If you wanted, you could reshape the original matrix to have singleton 2nd through 399th dimensions to further this:

% Set up dimensions as [3, 1, 1, ..., 1, 1, 4], for a 400-D array!
dims = num2cell( [3 ones(1,398), 4] );
% Note we'll now still have trailing singleton dims, but have 398 in the structure too
B = reshape( A, dims{:} );

Now we can do a similar sum example. The final thing to know is that squeeze removes non-trailing singleton dimensions, we can use this to tidy up the outputs:

sum( B, 1 ); % >> ans(:,:,1,1,1,...,1) = 3 
             % >> ans(:,:,1,1,1,...,2) = 3
             % >> ans(:,:,1,1,1,...,3) = 3
             % >> ans(:,:,1,1,1,...,4) = 3
squeeze( sum( B, 1 ) ); % >> ans = [3; 3; 3; 3] 

% similarly  
squeeze( sum( B, 2 ) );   % >> ans = [1 1 1 1; 1 1 1 1; 1 1 1 1]
squeeze( sum( B, 400 ) ); % >> ans = [4; 4; 4]

We can see that, now we've reshaped things, summing in the 400th dimension does the same as originally summing in the 2nd dimension and vice-versa.
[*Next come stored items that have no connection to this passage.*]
(* Let $A=A^T\in\mathbb{R}^{n\times n}$, let $s$ be an integer with $1\leq s<d(A)$, and let $v_0\in\mathbb{R}^n$ with $\|v_0\|=1$ and $d(A,v_0)=s+1$. Consider the iteration $\widetilde v_{k+1}=P_s(A;v_k)v_k$, $v_{k+1}=\widetilde v_{k+1}/\|\widetilde v_{k+1}\|$, $k=0,1,2,\dots$. Then $v_0=v_2=v_4=\cdots$.
   Context: $d(A)$ is the degree of the minimal polynomial of $A$; $d(A,v)$ is the grade of $v$ w.r.t. $A$ (degree of the monic polynomial $p$ of smallest degree with $p(A)v=0$); $\mathcal{K}_k(A,v)=\mathrm{span}\{v,Av,\dots,A^{k-1}v\}$; $\mathcal{M}_s$ is the set of real monic polynomials of degree $s$; $\|\cdot\|$ is the Euclidean norm. For $v$ with $d(A,v)\geq s$, $P_s(\cdot\,;v)\in\mathcal{M}_s$ denotes the unique monic polynomial of degree $s$ such that $P_s(A;v)v\perp\mathcal{K}_s(A,v)$. (Under the hypotheses all $\widetilde v_k$ are nonzero.) *)

theory Defs
  imports "HOL-Analysis.Analysis" "HOL-Computational_Algebra.Polynomial"
begin

definition mat_pow :: "real^'n^'n \<Rightarrow> nat \<Rightarrow> real^'n^'n" where
  "mat_pow A i = (((**) A) ^^ i) (mat 1)"

definition poly_mat :: "real poly \<Rightarrow> real^'n^'n \<Rightarrow> real^'n^'n" where
  "poly_mat p A = (\<Sum>i\<le>degree p. coeff p i *\<^sub>R mat_pow A i)"

definition monic_deg :: "nat \<Rightarrow> real poly set" where
  "monic_deg s = {p. degree p = s \<and> lead_coeff p = 1}"

definition minpoly_deg :: "real^'n^'n \<Rightarrow> nat" where
  "minpoly_deg A = (LEAST k. \<exists>p\<in>monic_deg k. poly_mat p A = 0)"

definition grade :: "real^'n^'n \<Rightarrow> real^'n \<Rightarrow> nat" where
  "grade A v = (LEAST k. \<exists>p\<in>monic_deg k. poly_mat p A *v v = 0)"

definition krylov :: "nat \<Rightarrow> real^'n^'n \<Rightarrow> real^'n \<Rightarrow> (real^'n) set" where
  "krylov k A v = span {mat_pow A i *v v | i. i < k}"

definition P_poly :: "nat \<Rightarrow> real^'n^'n \<Rightarrow> real^'n \<Rightarrow> real poly" where
  "P_poly s A v = (THE p. p \<in> monic_deg s \<and>
      (\<forall>w\<in>krylov s A v. (poly_mat p A *v v) \<bullet> w = 0))"

primrec iter_v :: "real^'n^'n \<Rightarrow> nat \<Rightarrow> real^'n \<Rightarrow> nat \<Rightarrow> real^'n" where
  "iter_v A s v0 0 = v0"
| "iter_v A s v0 (Suc k) =
     (let vk = iter_v A s v0 k; w = poly_mat (P_poly s A vk) A *v vk
      in (1 / norm w) *\<^sub>R w)"

end

theory Submission
  imports Defs
begin

text \<open>
  Write \<open>K\<^sub>j(x)\<close> for \<open>K\<^sub>j(A,x)\<close>. The monic polynomials of degree \<open>k\<close> applied to \<open>v\<close>
  give exactly the affine space \<open>A\<^sup>k v + K\<^sub>k(v)\<close>, so \<open>P\<^sub>s(A;v)v\<close> is the component of
  \<open>A\<^sup>s v\<close> orthogonal to \<open>K\<^sub>s(v)\<close>, and \<open>d(A,v) = s + 1\<close> makes \<open>K\<^sub>s\<^sub>+\<^sub>1(v)\<close> an
  \<open>A\<close>-invariant space of dimension \<open>s + 1\<close>. One step therefore maps \<open>v\<close> to a unit
  vector \<open>x \<in> K\<^sub>s\<^sub>+\<^sub>1(v)\<close> orthogonal to \<open>K\<^sub>s(v)\<close> with \<open>\<langle>x, A\<^sup>s v\<rangle> > 0\<close>. By symmetry
  of \<open>A\<close> this says \<open>v \<perp> K\<^sub>s(x)\<close> and \<open>\<langle>A\<^sup>s x, v\<rangle> > 0\<close>, which forces \<open>d(A,x) > s\<close>;
  hence \<open>K\<^sub>s\<^sub>+\<^sub>1(v)\<close> is the orthogonal sum of \<open>span {v}\<close> and \<open>K\<^sub>s(x)\<close>. The second step
  produces a vector of \<open>K\<^sub>s\<^sub>+\<^sub>1(v)\<close> orthogonal to \<open>K\<^sub>s(x)\<close>, i.e. a multiple of \<open>v\<close>,
  and the multiple is \<open>\<langle>A\<^sup>s x, v\<rangle> > 0\<close>; normalising returns \<open>v\<close>.
\<close>

lemma mat_pow_0 [simp]: "mat_pow A 0 = mat 1"
  by (simp add: mat_pow_def)

lemma mat_pow_Suc: "mat_pow A (Suc i) = A ** mat_pow A i"
  by (simp add: mat_pow_def)

lemma mat_pow_Suc_vec: "mat_pow A (Suc i) *v x = A *v (mat_pow A i *v x)"
  by (simp add: mat_pow_Suc matrix_vector_mul_assoc)

lemma mat_pow_add_vec: "mat_pow A (i + j) *v x = mat_pow A i *v (mat_pow A j *v x)"
  by (induction i) (simp_all add: mat_pow_Suc_vec)

lemma symmetric_mat_pow_inner:
  assumes "transpose A = A"
  shows "(mat_pow A i *v x) \<bullet> y = x \<bullet> (mat_pow A i *v y)"
proof (induction i arbitrary: y)
  case 0
  then show ?case by simp
next
  case (Suc i)
  have "(A *v z) \<bullet> y = z \<bullet> (A *v y)" for z
    by (metis assms dot_lmul_matrix transpose_matrix_vector)
  then show ?case
    using Suc mat_pow_add_vec[of A i 1 y] by (simp add: mat_pow_Suc_vec)
qed

lemma poly_mat_eq_sum:
  assumes "degree p \<le> N"
  shows "poly_mat p A = (\<Sum>i\<le>N. coeff p i *\<^sub>R mat_pow A i)"
  unfolding poly_mat_def
  by (rule sum.mono_neutral_left) (use assms in \<open>auto simp: coeff_eq_0\<close>)

lemma sum_matrix_vector_mult:
  "finite S \<Longrightarrow> (\<Sum>i\<in>S. M i) *v x = (\<Sum>i\<in>S. M i *v x)"
  by (induction S rule: finite_induct) (simp_all add: matrix_vector_mult_add_rdistrib)

lemma poly_mat_vec_eq_sum:
  assumes "degree p \<le> N"
  shows "poly_mat p A *v v = (\<Sum>i\<le>N. coeff p i *\<^sub>R (mat_pow A i *v v))"
  by (simp add: poly_mat_eq_sum[OF assms] sum_matrix_vector_mult scaleR_matrix_vector_assoc)

lemma poly_mat_add: "poly_mat (p + q) A = poly_mat p A + poly_mat q A"
proof -
  define N where "N = max (degree p) (degree q)"
  have "degree (p + q) \<le> N" "degree p \<le> N" "degree q \<le> N"
    by (auto simp: N_def degree_add_le)
  then show ?thesis
    by (simp add: poly_mat_eq_sum scaleR_add_left sum.distrib)
qed

lemma poly_mat_smult: "poly_mat (smult c p) A = c *\<^sub>R poly_mat p A"
  by (simp add: poly_mat_eq_sum[of "smult c p" "degree p"] poly_mat_eq_sum[of p "degree p"]
      scaleR_sum_right)

lemma poly_mat_diff: "poly_mat (p - q) A = poly_mat p A - poly_mat q A"
  using poly_mat_add[of "p - q" q A] by simp

lemma poly_mat_monom: "poly_mat (monom c i) A = c *\<^sub>R mat_pow A i"
proof -
  have "poly_mat (monom c i) A = (\<Sum>j\<le>i. (if i = j then c *\<^sub>R mat_pow A j else 0))"
    unfolding poly_mat_eq_sum[OF degree_monom_le] by (rule sum.cong) auto
  then show ?thesis by simp
qed

lemma monic_deg_iff_coeff:
  "p \<in> monic_deg k \<longleftrightarrow> (\<forall>i\<ge>k. coeff (p - monom 1 k) i = 0)"
proof
  assume "p \<in> monic_deg k"
  then show "\<forall>i\<ge>k. coeff (p - monom 1 k) i = 0"
    by (auto simp: monic_deg_def coeff_eq_0)
next
  assume "\<forall>i\<ge>k. coeff (p - monom 1 k) i = 0"
  then have "coeff p k = 1" "\<And>i. k < i \<Longrightarrow> coeff p i = 0"
    by force+
  then have "degree p = k"
    by (intro antisym degree_le le_degree) auto
  with \<open>coeff p k = 1\<close> show "p \<in> monic_deg k"
    by (simp add: monic_deg_def)
qed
This would be easier to visualise if you replaced 400 with 3!

[ 1 ] See the sum and max documentation as examples where the behaviour is explicitly defined "if dim is greater than ndims(A)." In both cases the implementation is made more efficient by just returning A. In the case of nansum there has to be some computation in case elements are NaN.

Upvotes: 10

Andrea Bellizzi
Andrea Bellizzi

Reputation: 497

The matrix doesn't have a 400th dimension (better, it has infinite implicit singleton dimension), simply the implementation of sum return the matrix when the dim input exceeds the matrix dimension as the documentation of sum says:

sum returns A when dim is greater than ndims(A) or when size(A,dim) is 1

https://it.mathworks.com/help/matlab/ref/sum.html#btv6ok6-3

Upvotes: 1

Nicky Mattsson
Nicky Mattsson

Reputation: 3052

The matrix does have a 400th dimension. It is 1. So when you sum in this dimension it just returns the matrix you give as input with the NaNs omitted / counted at 0.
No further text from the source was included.